Default:: https://dotsimulate.com

ChatTD Operator (Chattd) op('gemini_image_gen').par.Chattd OP

Default:: /dot_lops/ChatTD

Usage Examples

Basic Image Generation

1. Enter your Gemini API Key in the 'Gemini API Key' parameter.
2. Ensure 'Prompt Source' is set to 'parameter'.
3. Enter your desired prompt in the 'Prompt' parameter (e.g., "A photorealistic cat wearing sunglasses riding a skateboard").
4. Pulse the 'Generate Image' button.
5. Monitor the 'Status' parameter.
6. View the generated image in the operator viewer or the specified 'Output Directory'.

Generating from Input DAT

1. Set 'Prompt Source' to 'input_dat'.
2. Create a Table DAT with columns 'role' and 'message'.
3. Add rows with roles 'user' or 'assistant' and your prompt message(s).
4. Connect this DAT to the first input of the GeminiImageGen operator.
5. Ensure 'Generate on Input Change' is enabled if you want automatic generation, otherwise pulse 'Generate Image'.

Using an Input Image

1. Connect a TOP containing your input image to the 'Input Image (Optional)' parameter.
2. Craft your 'Prompt' to instruct the model on how to use the input image (e.g., "Edit this image to make the sky purple", "Describe this image in detail").
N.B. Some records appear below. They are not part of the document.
(* Let $X$ be a compact Hausdorff space and let $Y$ be a real inner product space with inner product $\langle\cdot,\cdot\rangle$ and norm $\|y\|=\langle y,y\rangle^{1/2}$. Let $C(X,Y)$ be the space of continuous functions $X\to Y$ with the uniform norm $|||f|||=\max_{x\in X}\|f(x)\|$, let $H\subset C(X,Y)$ be a linear subspace of finite dimension $n\ge1$, let $A$ be a compact Hausdorff space, and let $\{f_a\}_{a\in A}\subset C(X,Y)$ be such that $a\mapsto f_a$ is continuous from $A$ into $C(X,Y)$. Then $f^*\in H$ satisfies $\max_{a\in A}|||f_a-f^*|||\le\max_{a\in A}|||f_a-f|||$ for all $f\in H$ if and only if there exist an integer $k$ with $1\le k\le n+1$, elements $a_1,\dots,a_k\in A$, points $x_1,\dots,x_k\in X$, and positive numbers $\lambda_1,\dots,\lambda_k$ with $\sum_{i=1}^k\lambda_i=1$ such that (i') $\sum_{i=1}^k\lambda_i\langle f_{a_i}(x_i)-f^*(x_i),\, f(x_i)\rangle = 0$ for all $f\in H$; and (ii) $\|f_{a_i}(x_i)-f^*(x_i)\| = |||f_{a_i}-f^*||| = \max_{a\in A}|||f_a-f^*|||$ for all $i$ with $1\le i\le k$. *)

theory Defs
  imports "HOL-Analysis.Analysis"
begin

end

theory Submission
  imports Defs "HOL-Library.Poly_Mapping"
begin

text \<open>
  If \<open>f\<^sup>*\<close> is a best approximation, Kolmogorov's criterion holds: no \<open>g \<in> H\<close> has
  \<open>\<langle>f\<^sub>a(x) - f\<^sup>*(x), g(x)\<rangle> > 0\<close> at every extremal pair \<open>(a, x)\<close>, for otherwise
  \<open>f\<^sup>* + t g\<close> would be strictly better for small \<open>t > 0\<close>. Expressing the functional
  \<open>f \<mapsto> \<langle>f\<^sub>a(x) - f\<^sup>*(x), f(x)\<rangle>\<close> on \<open>H\<close> in the coordinates of a basis, the criterion says
  that \<open>0\<close> lies in the convex hull of the compact image of the extremal set in an
  \<open>n\<close>-dimensional inner product space, and Caratheodory's theorem picks at most \<open>n + 1\<close>
  of its points. Conversely, for orthogonal weighted residuals \<open>e\<^sub>i\<close> of norm \<open>M\<close> and any
  \<open>f \<in> H\<close>, averaging \<open>\<parallel>e\<^sub>i + d\<^sub>i\<parallel>\<^sup>2 \<ge> M\<^sup>2 + 2\<langle>e\<^sub>i, d\<^sub>i\<rangle>\<close> with
  \<open>d\<^sub>i = (f\<^sup>* - f)(x\<^sub>i)\<close> shows that some residual of \<open>f\<close> has norm at least \<open>M\<close>.
\<close>

section \<open>Finitely supported functions as an inner product space\<close>

text \<open>
  Coordinates with respect to a basis \<open>B\<close> of \<open>H\<close> are taken in \<open>B \<Rightarrow>\<^sub>0 real\<close>: since \<open>n\<close>
  is a number and not a type, \<open>real ^ 'n\<close> is not available.
\<close>

instantiation poly_mapping :: (type, real_vector) real_vector
begin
Specific prompt techniques depend on the model's capabilities.
3. Pulse 'Generate Image'.

Using a Context Grabber

1. Connect a configured Context Grabber operator to the 'Context Grabber (Optional)' parameter.
2. The text and images collected by the Context Grabber will be automatically included in the prompt sent to Gemini.
3. Enter a main instruction in the 'Prompt' parameter if needed.
4. Pulse 'Generate Image'.

Technical Notes

API Key: Your Gemini API key is stored securely in a configuration file within your ChatTD environment or retrieved from the ChatTD Key Manager.
Dependencies: Requires litellm, Pillow, opencv-python, and numpy. Use ChatTD’s Python Manager to install these.
File Saving: Images are saved as PNG files. Metadata is saved as JSON.
Asynchronous Operation: Image generation happens asynchronously via ChatTD’s TDAsyncIO, preventing TouchDesigner from freezing.
Response Handling: The operator extracts the base64 image data from the API response. If the response contains text alongside the image, this text is stored in the response_text column of the history_dat table.
Input Image Encoding: Input TOPs are converted to base64-encoded JPEG data URIs before being sent to the API.

ChatTD: Provides core services like dependency management, API key management, and asynchronous task execution required by this operator.
Context Grabber: Can be used to provide additional text and image context to the generation prompt.